When the Jan. 6 commission became the latest casualty of Republican obstructionism on Friday, most Democrats weren’t surprised. Joe Manchin was.
Manchin, West Virginia’s senior senator and the only Democrat in Congress from a state Donald Trump won by 40 points, has not been convinced that the GOP’s current strategy is scorched-earth partisan politics.
Ahead of Friday’s vote, as Republican opposition to the insurrection commission solidified, Manchin issued a call “imploring” his colleagues to consider passing the legislation. He said he couldn’t imagine why Sen. Mitch McConnell’s conference would block a bipartisan effort to get to the bottom of the attack on the Capitol.
“There is no excuse for any Republican to vote against this commission,” he said, “since Democrats have agreed to everything they asked for.”
That argument was a pitch-perfect distillation of how Manchin views the Senate. How it was received—with just six Republicans voting for the commission—would perhaps indicate to a more mutable senator that his view may be out of step with reality and necessitate eliminating the filibuster, the 60-vote threshold for passing bills.
But not for Manchin.
“I don’t think I’ll ever change,” Manchin told reporters on Thursday. “I’m not separating our country, OK?”

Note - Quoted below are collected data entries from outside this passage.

text \<open>The first Heisenberg group, modelled on real \<times> real \<times> real (points (x,y,t)),
  carrying the standard Euclidean topology of R^3.\<close>

type_synonym heis = "real \<times> real \<times> real"

fun heis_mult :: "heis \<Rightarrow> heis \<Rightarrow> heis" where
  "heis_mult (x, y, t) (x', y', t') = (x + x', y + y', t + t' - 2 * x * y' + 2 * y * x')"

fun heis_inv :: "heis \<Rightarrow> heis" where
  "heis_inv (x, y, t) = (- x, - y, - t)"

fun kor_norm :: "heis \<Rightarrow> real" where
  "kor_norm (x, y, t) = root 4 ((x\<^sup>2 + y\<^sup>2)\<^sup>2 + t\<^sup>2)"

definition kor_dist :: "heis \<Rightarrow> heis \<Rightarrow> real" where
  "kor_dist p q = kor_norm (heis_mult (heis_inv q) p)"

definition kor_setdist :: "heis \<Rightarrow> heis set \<Rightarrow> real" where
  "kor_setdist q A = (INF a\<in>A. kor_dist q a)"

definition kor_ball :: "heis set" where
  "kor_ball = {q. kor_norm q < 1}"

definition Sigma_r :: "real \<Rightarrow> heis set" where
  "Sigma_r r = {q \<in> kor_ball. kor_setdist q (frontier kor_ball) = 1 - r}"

end

theory Submission
  imports Defs
begin

(* Let rho = 1 - r. A point q of the Koranyi ball B satisfies d(q, frontier B) >= rho iff
   q b lies in B for every b with norm b < rho, because d(q b, q) = norm b. Right translations
   p |-> p b are affine maps of R^3 and B is convex, so the set C of these points is an
   intersection of convex sets; it is compact and contains 0 in its interior. Its frontier is
   exactly Sigma_r: moving a point with d(q, frontier B) = rho slightly towards a nearest
   boundary point leaves C. The frontier of a bounded convex set with nonempty interior in R^3
   is homeomorphic to the 2-sphere. *)

section \<open>The group law\<close>

lemma heis_mult_components:
  "heis_mult p q = (fst p + fst q, fst (snd p) + fst (snd q),
     snd (snd p) + snd (snd q) - 2 * fst p * fst (snd q) + 2 * fst (snd p) * fst q)"
  by (cases p; cases q) auto

lemma heis_inv_eq_uminus: "heis_inv p = - p"
  by (cases p) auto

lemma heis_mult_assoc: "heis_mult (heis_mult p q) s = heis_mult p (heis_mult q s)"
  by (simp add: heis_mult_components algebra_simps)

lemma heis_mult_inv_right_cancel: "heis_mult p (heis_mult (heis_inv p) q) = q"
  by (simp add: heis_mult_components heis_inv_eq_uminus prod_eq_iff algebra_simps)

lemma heis_mult_inv_left_cancel: "heis_mult (heis_inv p) (heis_mult p q) = q"
  by (simp add: heis_mult_components heis_inv_eq_uminus prod_eq_iff algebra_simps)

lemma heis_inv_mult: "heis_inv (heis_mult p q) = heis_mult (heis_inv q) (heis_inv p)"
  by (simp add: heis_mult_components heis_inv_eq_uminus prod_eq_iff algebra_simps)

lemma heis_mult_zero_right [simp]: "heis_mult q 0 = q"
  by (simp add: heis_mult_components prod_eq_iff)

lemma heis_mult_right_affine:
  "heis_mult ((1 - u) *\<^sub>R p + u *\<^sub>R q) b = (1 - u) *\<^sub>R heis_mult p b + u *\<^sub>R heis_mult q b"
  by (simp add: heis_mult_components prod_eq_iff algebra_simps)

lemma convex_heis_mult_right_vimage:
  assumes "convex S"
  shows "convex {p. heis_mult p b \<in> S}"
  using assms by (simp add: convex_alt heis_mult_right_affine)

lemma continuous_on_heis_mult [continuous_intros]:
  "continuous_on A f \<Longrightarrow> continuous_on A g \<Longrightarrow> continuous_on A (\<lambda>x. heis_mult (f x) (g x))"
  unfolding heis_mult_components by (intro continuous_intros)

lemma tendsto_heis_mult [tendsto_intros]:
  "(f \<longlongrightarrow> a) F \<Longrightarrow> (g \<longlongrightarrow> b) F \<Longrightarrow> ((\<lambda>x. heis_mult (f x) (g x)) \<longlongrightarrow> heis_mult a b) F"
  unfolding heis_mult_components by (intro tendsto_intros)

lemma continuous_on_heis_inv [continuous_intros]:
  "continuous_on A f \<Longrightarrow> continuous_on A (\<lambda>x. heis_inv (f x))"
  unfolding heis_inv_eq_uminus by (intro continuous_intros)

section \<open>The Koranyi gauge\<close>

definition kor_gauge :: "heis \<Rightarrow> real" where
  "kor_gauge p = (fst p ^ 2 + fst (snd p) ^ 2) ^ 2 + snd (snd p) ^ 2"

lemma kor_gauge_nonneg: "0 \<le> kor_gauge p"
  by (simp add: kor_gauge_def)

lemma kor_norm_eq_root_gauge: "kor_norm p = root 4 (kor_gauge p)"
  by (cases p) (simp add: kor_gauge_def)

declare kor_norm.simps [simp del]

lemma kor_norm_nonneg: "0 \<le> kor_norm p"
  by (simp add: kor_norm_eq_root_gauge kor_gauge_nonneg)

lemma kor_norm_power2: "kor_norm p ^ 2 = sqrt (kor_gauge p)"
proof -
  have "root 4 (kor_gauge p) = sqrt (sqrt (kor_gauge p))"
    using real_root_mult_exp[of 2 2] by (simp add: sqrt_def)
  then show ?thesis
    by (simp add: kor_norm_eq_root_gauge kor_gauge_nonneg)
qed

lemma kor_norm_less_iff: "kor_norm p < kor_norm q \<longleftrightarrow> kor_gauge p < kor_gauge q"
  and kor_norm_le_iff: "kor_norm p \<le> kor_norm q \<longleftrightarrow> kor_gauge p \<le> kor_gauge q"
  and kor_norm_less_1_iff: "kor_norm p < 1 \<longleftrightarrow> kor_gauge p < 1"
  and kor_norm_le_1_iff: "kor_norm p \<le> 1 \<longleftrightarrow> kor_gauge p \<le> 1"
  by (simp_all add: kor_norm_eq_root_gauge)

lemma kor_norm_zero [simp]: "kor_norm 0 = 0"
  by (simp add: zero_prod_def kor_norm.simps)

lemma kor_norm_heis_inv [simp]: "kor_norm (heis_inv p) = kor_norm p"
  by (cases p) (simp add: kor_norm.simps)

lemma continuous_on_kor_norm [continuous_intros]:
  "continuous_on A f \<Longrightarrow> continuous_on A (\<lambda>x. kor_norm (f x))"
  unfolding kor_norm_eq_root_gauge kor_gauge_def by (intro continuous_intros)

lemma kor_norm_triangle: "kor_norm (heis_mult p q) \<le> kor_norm p + kor_norm q"
proof -
  define z where "z = (\<lambda>p::heis. Complex (fst p) (fst (snd p)))"
  define w where "w = (\<lambda>p::heis. Complex (fst p ^ 2 + fst (snd p) ^ 2) (snd (snd p)))"
  have norm_w: "cmod (w s) = kor_norm s ^ 2" for s
    by (simp add: w_def kor_norm_power2 kor_gauge_def cmod_def)
  have norm_z: "cmod (z s) \<le> kor_norm s" for s
  proof -
    have "cmod (z s) ^ 2 = sqrt ((fst s ^ 2 + fst (snd s) ^ 2)\<^sup>2)"
      by (simp add: z_def cmod_def)
    also have "\<dots> \<le> sqrt (kor_gauge s)"
      by (simp add: kor_gauge_def)
    also have "\<dots> = kor_norm s ^ 2"
      by (rule kor_norm_power2[symmetric])
    finally show ?thesis
      by (rule power2_le_imp_le) (rule kor_norm_nonneg)
  qed
  have w_mult: "w (heis_mult p q) = w p + w q + 2 * z p * cnj (z q)"
    by (cases p; cases q) (simp add: w_def z_def complex_eq_iff power2_eq_square algebra_simps)
  have "kor_norm (heis_mult p q) ^ 2 \<le> cmod (w p + w q) + cmod (2 * z p * cnj (z q))"
    unfolding norm_w[symmetric] w_mult by (rule norm_triangle_ineq)
  also have "\<dots> \<le> cmod (w p) + cmod (w q) + 2 * cmod (z p) * cmod (z q)"
    using norm_triangle_ineq[of "w p" "w q"] by (simp add: norm_mult)
  also have "\<dots> \<le> kor_norm p ^ 2 + kor_norm q ^ 2 + 2 * kor_norm p * kor_norm q"
    using mult_mono[OF norm_z norm_z kor_norm_nonneg norm_ge_zero, of p q] unfolding norm_w by linarith
  also have "\<dots> = (kor_norm p + kor_norm q) ^ 2"
    by (simp add: power2_sum)
  finally show ?thesis
    by (rule power2_le_imp_le) (simp add: kor_norm_nonneg add_nonneg_nonneg)
qed

lemma kor_gauge_scaleR_le:
  assumes "\<bar>s\<bar> \<le> 1"
  shows "kor_gauge (s *\<^sub>R p) \<le> s\<^sup>2 * kor_gauge p"
proof -
  have "s ^ 4 = s\<^sup>2 * s\<^sup>2"
    by algebra
  also have "\<dots> \<le> s\<^sup>2"
    using assms by (intro mult_left_le) (simp_all add: abs_square_le_1)
  finally have "s ^ 4 \<le> s\<^sup>2" .
  then have "s ^ 4 * (fst p ^ 2 + fst (snd p) ^ 2) ^ 2 \<le> s\<^sup>2 * (fst p ^ 2 + fst (snd p) ^ 2) ^ 2"
    by (simp add: mult_right_mono)
  moreover have "kor_gauge (s *\<^sub>R p) = s ^ 4 * (fst p ^ 2 + fst (snd p) ^ 2) ^ 2 + s\<^sup>2 * snd (snd p) ^ 2"
    by (simp add: kor_gauge_def power_mult_distrib flip: distrib_left)
  ultimately show ?thesis
    by (simp add: kor_gauge_def algebra_simps)
qed

lemma kor_norm_scaleR_le: "\<bar>s\<bar> \<le> 1 \<Longrightarrow> kor_norm (s *\<^sub>R p) \<le> kor_norm p"
  using kor_gauge_scaleR_le[of s p] mult_left_le_one_le[OF kor_gauge_nonneg[of p], of "s\<^sup>2"]
  by (simp add: kor_norm_le_iff abs_square_le_1)

lemma kor_norm_scaleR_less:
  assumes "\<bar>s\<bar> < 1" and "kor_norm p \<noteq> 0"
  shows "kor_norm (s *\<^sub>R p) < kor_norm p"
proof -
  have "0 < kor_gauge p"
    using assms(2) kor_gauge_nonneg[of p] by (auto simp: kor_norm_eq_root_gauge)
  moreover have "s\<^sup>2 < 1"
    using assms(1) by (simp add: abs_square_less_1)
  ultimately have "s\<^sup>2 * kor_gauge p < kor_gauge p"
    by simp
  then show ?thesis
    using kor_gauge_scaleR_le[of s p] assms(1) by (simp add: kor_norm_less_iff)
qed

Manchin said later in the day that he thought Democrats could find “10 good people” on the GOP side to support the commission. And on Friday, after Democrats predictably did not find 10 Republicans to support the commission, Manchin sounded genuinely upset and surprised that his GOP colleagues would side with a nakedly partisan view that there shouldn’t be an independent report on the Jan. 6 attack.
“This job’s not worth it to me to sell my soul,” Manchin told reporters on Friday. “What are you gonna do, vote me out? That’s not a bad option—I get to go home.”

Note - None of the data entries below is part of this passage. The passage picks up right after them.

(* Let $\Gamma$ be a distance-regular graph with diameter $D\ge3$ which is neither bipartite nor almost bipartite. Let $\sigma_0,\dots,\sigma_D$ and $\rho_0,\dots,\rho_D$ be nontrivial pseudo cosine sequences forming a tight pair, and assume $\varepsilon=1$ is an auxiliary parameter for this pair. Then: (i) $\rho_i=(-1)^i$ for $0\le i\le D-1$ and $\rho_D\ne(-1)^D$; (ii) $\sigma_{D-1}=\sigma_D$; (iii) $a_i=0$ for $0\le i\le D-2$ and $a_{D-1}\ne0$.
   Context: $\Gamma$ is a finite connected undirected graph without loops or multiple edges, distance-regular with diameter $D$, intersection numbers $a_i,b_i,c_i$ ($c_0=0$, $b_D=0$), valency $k$, $c_i+a_i+b_i=k$. Bipartite: $a_i=0$ for all $0\le i\le D$; almost bipartite: $a_D\ne0$, $a_i=0$ for $0\le i\le D-1$. For $\theta\in\mathbb{R}$ the pseudo cosine sequence for $\theta$ is the sequence of reals $\sigma_0,\dots,\sigma_D$ with $\sigma_0=1$ and $c_i\sigma_{i-1}+a_i\sigma_i+b_i\sigma_{i+1}=\theta\sigma_i$ for $0\le i\le D-1$; nontrivial means $\sigma_1\ne1$. Pseudo cosine sequences $\sigma_i$, $\rho_i$ form a tight pair if $(\sigma_i\rho_i)_{i=0}^D$ is a pseudo cosine sequence. For a tight pair of nontrivial pseudo cosine sequences, an auxiliary parameter is a real $\varepsilon$ with $\sigma_i\rho_i-\sigma_{i-1}\rho_{i-1}=\varepsilon(\sigma_{i-1}\rho_i-\sigma_i\rho_{i-1})$ for $1\le i\le D$. *)

theory Defs
  imports Complex_Main
begin

definition is_path :: "'v set \<Rightarrow> ('v \<Rightarrow> 'v \<Rightarrow> bool) \<Rightarrow> 'v \<Rightarrow> 'v \<Rightarrow> nat \<Rightarrow> bool" where
  "is_path V E x y n \<longleftrightarrow> (\<exists>p. length p = Suc n \<and> hd p = x \<and> last p = y \<and> set p \<subseteq> V
      \<and> (\<forall>i<n. E (p ! i) (p ! Suc i)))"

definition gdist :: "'v set \<Rightarrow> ('v \<Rightarrow> 'v \<Rightarrow> bool) \<Rightarrow> 'v \<Rightarrow> 'v \<Rightarrow> nat" where
  "gdist V E x y = (LEAST n. is_path V E x y n)"

definition simple_graph :: "'v set \<Rightarrow> ('v \<Rightarrow> 'v \<Rightarrow> bool) \<Rightarrow> bool" where
  "simple_graph V E \<longleftrightarrow> finite V \<and> V \<noteq> {}
     \<and> (\<forall>x y. E x y \<longrightarrow> x \<in> V \<and> y \<in> V)
     \<and> (\<forall>x y. E x y \<longrightarrow> E y x) \<and> (\<forall>x. \<not> E x x)"

definition connected_graph :: "'v set \<Rightarrow> ('v \<Rightarrow> 'v \<Rightarrow> bool) \<Rightarrow> bool" where
  "connected_graph V E \<longleftrightarrow> (\<forall>x\<in>V. \<forall>y\<in>V. \<exists>n. is_path V E x y n)"

text \<open>Diameter D and intersection numbers a, b, c: for all vertices x, y at distance i
  (0 \<le> i \<le> D), y has exactly c i neighbours at distance i-1 from x (for i \<ge> 1),
  a i neighbours at distance i and b i neighbours at distance i+1; c 0 = 0.
  (b D = 0 then holds automatically.)\<close>
definition distance_regular ::
  "'v set \<Rightarrow> ('v \<Rightarrow> 'v \<Rightarrow> bool) \<Rightarrow> nat \<Rightarrow> (nat \<Rightarrow> nat) \<Rightarrow> (nat \<Rightarrow> nat) \<Rightarrow> (nat \<Rightarrow> nat) \<Rightarrow> bool" where
  "distance_regular V E D a b c \<longleftrightarrow>
     simple_graph V E \<and> connected_graph V E
     \<and> D = Max {gdist V E x y | x y. x \<in> V \<and> y \<in> V}
     \<and> c 0 = 0
     \<and> (\<forall>i\<le>D. \<forall>x\<in>V. \<forall>y\<in>V. gdist V E x y = i \<longrightarrow>
          (1 \<le> i \<longrightarrow> card {z\<in>V. E y z \<and> gdist V E x z = i - 1} = c i)
        \<and> card {z\<in>V. E y z \<and> gdist V E x z = i} = a i
        \<and> card {z\<in>V. E y z \<and> gdist V E x z = i + 1} = b i)"

definition bipartite_drg :: "nat \<Rightarrow> (nat \<Rightarrow> nat) \<Rightarrow> bool" where
  "bipartite_drg D a \<longleftrightarrow> (\<forall>i\<le>D. a i = 0)"

definition almost_bipartite_drg :: "nat \<Rightarrow> (nat \<Rightarrow> nat) \<Rightarrow> bool" where
  "almost_bipartite_drg D a \<longleftrightarrow> a D \<noteq> 0 \<and> (\<forall>i<D. a i = 0)"

text \<open>Pseudo cosine sequence for \<theta>; only the values \<sigma> 0 .. \<sigma> D are relevant.
  At i = 0 the term c 0 * \<sigma>(0-1) vanishes since c 0 = 0.\<close>
definition pseudo_cosine ::
  "nat \<Rightarrow> (nat \<Rightarrow> nat) \<Rightarrow> (nat \<Rightarrow> nat) \<Rightarrow> (nat \<Rightarrow> nat) \<Rightarrow> real \<Rightarrow> (nat \<Rightarrow> real) \<Rightarrow> bool" where
  "pseudo_cosine D a b c \<theta> \<sigma> \<longleftrightarrow> \<sigma> 0 = 1 \<and>
     (\<forall>i<D. real (c i) * \<sigma> (i - 1) + real (a i) * \<sigma> i + real (b i) * \<sigma> (Suc i) = \<theta> * \<sigma> i)"

definition is_pseudo_cosine ::
  "nat \<Rightarrow> (nat \<Rightarrow> nat) \<Rightarrow> (nat \<Rightarrow> nat) \<Rightarrow> (nat \<Rightarrow> nat) \<Rightarrow> (nat \<Rightarrow> real) \<Rightarrow> bool" where
  "is_pseudo_cosine D a b c \<sigma> \<longleftrightarrow> (\<exists>\<theta>. pseudo_cosine D a b c \<theta> \<sigma>)"

definition nontrivial_pc :: "(nat \<Rightarrow> real) \<Rightarrow> bool" where
  "nontrivial_pc \<sigma> \<longleftrightarrow> \<sigma> 1 \<noteq> 1"

definition tight_pair ::
  "nat \<Rightarrow> (nat \<Rightarrow> nat) \<Rightarrow> (nat \<Rightarrow> nat) \<Rightarrow> (nat \<Rightarrow> nat) \<Rightarrow> (nat \<Rightarrow> real) \<Rightarrow> (nat \<Rightarrow> real) \<Rightarrow> bool" where
  "tight_pair D a b c \<sigma> \<rho> \<longleftrightarrow> is_pseudo_cosine D a b c \<sigma> \<and> is_pseudo_cosine D a b c \<rho>
     \<and> is_pseudo_cosine D a b c (\<lambda>i. \<sigma> i * \<rho> i)"

definition auxiliary_parameter :: "nat \<Rightarrow> (nat \<Rightarrow> real) \<Rightarrow> (nat \<Rightarrow> real) \<Rightarrow> real \<Rightarrow> bool" where
  "auxiliary_parameter D \<sigma> \<rho> \<epsilon> \<longleftrightarrow>
     (\<forall>i. 1 \<le> i \<and> i \<le> D \<longrightarrow>
        \<sigma> i * \<rho> i - \<sigma> (i - 1) * \<rho> (i - 1) = \<epsilon> * (\<sigma> (i - 1) * \<rho> i - \<sigma> i * \<rho> (i - 1)))"

end

theory Submission
  imports Defs
begin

On nearly everything of consequence on Capitol Hill these days, Manchin finds himself right where he likes it: at the center of attention and the Senate’s political spectrum. With the chamber split 50-50, Manchin is, and will be, the deciding Democratic vote to pass the central items of President Joe Biden’s agenda. He has the power to freeze the Senate floor for hours if he has a problem with language in a bill. And he has a special ability among his colleagues to broker compromises on an array of issues.

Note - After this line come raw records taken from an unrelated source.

lemma expectation_epoch_ss_gap:
  assumes len: "length H0 = 2 ^ \<beta> - 1" and n: "n \<le> 2 ^ \<beta>" and m: "n \<le> m"
  shows "measure_pmf.expectation (esbas_iter m H0) (\<lambda>H. \<Sum>\<tau>\<in>{2 ^ \<beta> - 1 + 1..2 ^ \<beta> - 1 + n}. ss_gap K \<tau> H)
       = bandit_pseudo_regret \<Xi> K (epoch_bandit env \<gamma> P (map snd H0)) n"
proof -
  define s where "s = (2::nat) ^ \<beta> - 1"
  define \<Phi> where "\<Phi> = (\<lambda>H :: (nat \<times> ('o, 'a) traj) list. map (\<lambda>(a, e). (a, ret \<gamma> e)) (drop s H))"
  define g where "g = (\<lambda>h :: (nat \<times> real) list. \<Sum>(a, r)\<leftarrow>h. alg_gap env \<gamma> P K (map snd H0) a)"
  have len_s: "length H0 = s" using len by (simp add: s_def)
  have epoch: "epoch_start (Suc (s + i)) = s" if "i < n" for i
    using that n unfolding s_def by (intro epoch_start_eq) auto
  have S_eq: "(\<Sum>\<tau>\<in>{s + 1..s + n}. ss_gap K \<tau> (H0 @ X)) = g (\<Phi> (take (s + n) (H0 @ X)))"
    if "n \<le> length X" for X
  proof -
    have "(\<Sum>i<n. alg_gap env \<gamma> P K (map snd H0) (fst (take n X ! i))) =
          (\<Sum>\<tau>\<in>{s + 1..s + n}. ss_gap K \<tau> (H0 @ X))"
      by (rule sum.reindex_bij_witness[where i="\<lambda>\<tau>. \<tau> - (s + 1)" and j="\<lambda>i. s + 1 + i"])
         (auto simp: ss_gap_def epoch nth_append len_s)
    then have "(\<Sum>\<tau>\<in>{s + 1..s + n}. ss_gap K \<tau> (H0 @ X)) =
          (\<Sum>i<n. alg_gap env \<gamma> P K (map snd H0) (fst (take n X ! i)))" ..
    also have "\<dots> = g (\<Phi> (take (s + n) (H0 @ X)))"
      using len_s that by (simp add: g_def \<Phi>_def sum_list_sum_nth atLeast0LessThan case_prod_beta)
    finally show ?thesis .
  qed
  have "AE H in measure_pmf (esbas_iter m H0).
          (\<Sum>\<tau>\<in>{s + 1..s + n}. ss_gap K \<tau> H) = g (\<Phi> (take (s + n) H))"
    unfolding AE_measure_pmf_iff using S_eq m by (metis set_esbas_iter)
  then have "measure_pmf.expectation (esbas_iter m H0) (\<lambda>H. \<Sum>\<tau>\<in>{s + 1..s + n}. ss_gap K \<tau> H)
      = measure_pmf.expectation (esbas_iter m H0) (\<lambda>H. g (\<Phi> (take (s + n) H)))"
    by (intro integral_cong_AE) auto
  also have "\<dots> = measure_pmf.expectation (map_pmf (take (length H0 + n)) (esbas_iter (n + (m - n)) H0)) (g \<circ> \<Phi>)"
    using len_s m by simp
  also have "\<dots> = measure_pmf.expectation (map_pmf \<Phi> (esbas_iter n H0)) g"
    unfolding map_pmf_take_esbas_iter by (simp add: o_def)
  also have "\<dots> = bandit_pseudo_regret \<Xi> K (epoch_bandit env \<gamma> P (map snd H0)) n"
    unfolding \<Phi>_def s_def esbas_iter_epoch_eq_bandit_run[OF len n]
    by (simp add: bandit_pseudo_regret_def g_def arm_gap_epoch_bandit)
  finally show ?thesis by (simp add: s_def)
qed

lemma esbas_ss_regret_eq_sum_ss_gap:
  "esbas_ss_regret env \<gamma> P \<Xi> K T =
     measure_pmf.expectation (esbas_run env \<gamma> P \<Xi> T) (\<lambda>H. \<Sum>\<tau>\<in>{1..T}. ss_gap K \<tau> H)"
  unfolding esbas_ss_regret_def ss_gap_def ..

lemma esbas_ss_regret_le_sum_epochs:
  assumes supp: "\<And>h. set_pmf (\<Xi> h) \<subseteq> {..<K}"
    and bdd: "\<And>D \<alpha>. \<bar>alg_gap env \<gamma> P K D \<alpha>\<bar> \<le> G"
    and epoch: "\<And>\<beta> n H0. 1 \<le> n \<Longrightarrow> n \<le> 2 ^ \<beta> \<Longrightarrow> H0 \<in> set_pmf (esbas_run env \<gamma> P \<Xi> (2 ^ \<beta> - 1)) \<Longrightarrow>
      bandit_pseudo_regret \<Xi> K (epoch_bandit env \<gamma> P (map snd H0)) n \<le> Bd \<beta>"
    and T: "1 \<le> T"
  shows "0 \<le> esbas_ss_regret env \<gamma> P \<Xi> K T \<and> esbas_ss_regret env \<gamma> P \<Xi> K T \<le> (\<Sum>\<beta>\<le>floor_log T. Bd \<beta>)"
proof -
  define S where "S = (\<lambda>\<beta> H. \<Sum>\<tau>\<in>{\<tau> \<in> {1..T}. floor_log \<tau> = \<beta>}. ss_gap K \<tau> H)"
  have "0 \<le> G" using bdd by (meson abs_ge_zero order_trans)
  have S_bdd: "\<bar>S \<beta> H\<bar> \<le> real T * G" for \<beta> H
  proof -
    have "card {\<tau> \<in> {1..T}. floor_log \<tau> = \<beta>} \<le> card {1..T}" by (intro card_mono) auto
    then have "real (card {\<tau> \<in> {1..T}. floor_log \<tau> = \<beta>}) * G \<le> real T * G"
      using \<open>0 \<le> G\<close> by (intro mult_right_mono) auto
    then show ?thesis
      using abs_sum_ss_gap_le[OF bdd, of "{\<tau> \<in> {1..T}. floor_log \<tau> = \<beta>}" H] unfolding S_def by simp
  qed
  have "esbas_ss_regret env \<gamma> P \<Xi> K T
      = measure_pmf.expectation (esbas_run env \<gamma> P \<Xi> T) (\<lambda>H. \<Sum>\<beta>\<le>floor_log T. S \<beta> H)"
    unfolding esbas_ss_regret_eq_sum_ss_gap S_def
    by (subst sum.group[where g=floor_log]) (auto intro: floor_log_le_iff)
  also have "\<dots> = (\<Sum>\<beta>\<le>floor_log T. measure_pmf.expectation (esbas_run env \<gamma> P \<Xi> T) (S \<beta>))"
    by (intro Bochner_Integration.integral_sum measure_pmf.integrable_const_bound[where B="real T * G"])
       (auto simp: S_bdd)
  finally have regret_eq: "esbas_ss_regret env \<gamma> P \<Xi> K T =
      (\<Sum>\<beta>\<le>floor_log T. measure_pmf.expectation (esbas_run env \<gamma> P \<Xi> T) (S \<beta>))" .
  have "0 \<le> measure_pmf.expectation (esbas_run env \<gamma> P \<Xi> T) (S \<beta>) \<and>
        measure_pmf.expectation (esbas_run env \<gamma> P \<Xi> T) (S \<beta>) \<le> Bd \<beta>"
    if \<beta>: "\<beta> \<le> floor_log T" for \<beta>
  proof -
    define s where "s = (2::nat) ^ \<beta> - 1"
    define n where "n = min ((2::nat) ^ \<beta>) (T + 1 - 2 ^ \<beta>)"
    have ivl: "{\<tau> \<in> {1..T}. floor_log \<tau> = \<beta>} = {2 ^ \<beta> - 1 + 1..2 ^ \<beta> - 1 + n}"
      and n: "1 \<le> n" "n \<le> 2 ^ \<beta>" "s + n \<le> T"
      using epoch_meta_times[OF \<beta> T] by (simp_all add: n_def s_def)
    have run: "esbas_run env \<gamma> P \<Xi> T = bind_pmf (esbas_run env \<gamma> P \<Xi> s) (esbas_iter (T - s))"
      using esbas_iter_add[of s "T - s" "[]"] n(3) by (simp add: esbas_run_eq_iter)
    have "measure_pmf.expectation (esbas_run env \<gamma> P \<Xi> T) (S \<beta>)
        = measure_pmf.expectation (esbas_run env \<gamma> P \<Xi> s)
            (\<lambda>H0. measure_pmf.expectation (esbas_iter (T - s) H0) (S \<beta>))"
      unfolding run by (rule expectation_bind_pmf[OF S_bdd])
    also have "\<dots> = measure_pmf.expectation (esbas_run env \<gamma> P \<Xi> s)
            (\<lambda>H0. bandit_pseudo_regret \<Xi> K (epoch_bandit env \<gamma> P (map snd H0)) n)"
    proof (intro integral_cong_AE AE_pmfI)
      fix H0 assume "H0 \<in> set_pmf (esbas_run env \<gamma> P \<Xi> s)"
      then have "length H0 = 2 ^ \<beta> - 1" by (simp add: length_esbas_run s_def)
      then show "measure_pmf.expectation (esbas_iter (T - s) H0) (S \<beta>) =
                 bandit_pseudo_regret \<Xi> K (epoch_bandit env \<gamma> P (map snd H0)) n"
        unfolding S_def ivl by (rule expectation_epoch_ss_gap) (use n in \<open>auto simp: s_def\<close>)
    qed auto
    finally have regret_epoch: "measure_pmf.expectation (esbas_run env \<gamma> P \<Xi> T) (S \<beta>) = \<dots>" .
    have "0 \<le> bandit_pseudo_regret \<Xi> K (epoch_bandit env \<gamma> P D) n" for D
      using bandit_pseudo_regret_bounds[OF supp, where \<nu>="epoch_bandit env \<gamma> P D" and G=G and n=n] bdd
      by (auto simp: arm_gap_epoch_bandit alg_gap_nonneg abs_le_iff)
    then show ?thesis
      unfolding regret_epoch using epoch[OF n(1,2)]
      by (intro expectation_pmf_bounds) (simp add: s_def)
  qed
  then show ?thesis
    unfolding regret_eq by (auto intro: sum_nonneg sum_mono)
qed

But when it comes to tackling the most high-profile issues, Manchin might be occupying a different political reality than his colleagues. Ask Democratic senators whether Manchin’s notion of bipartisan dealmaking on the thorniest issues is possible and they’ll give some diplomatic answers. They take care to avoid criticizing Manchin, but gently suggest he is wasting his time.
“None of this happens if we’re going to engage in magical thinking and believe that the institutional position of the Republican Party is not to systematically disenfranchise as many voters as they can find.”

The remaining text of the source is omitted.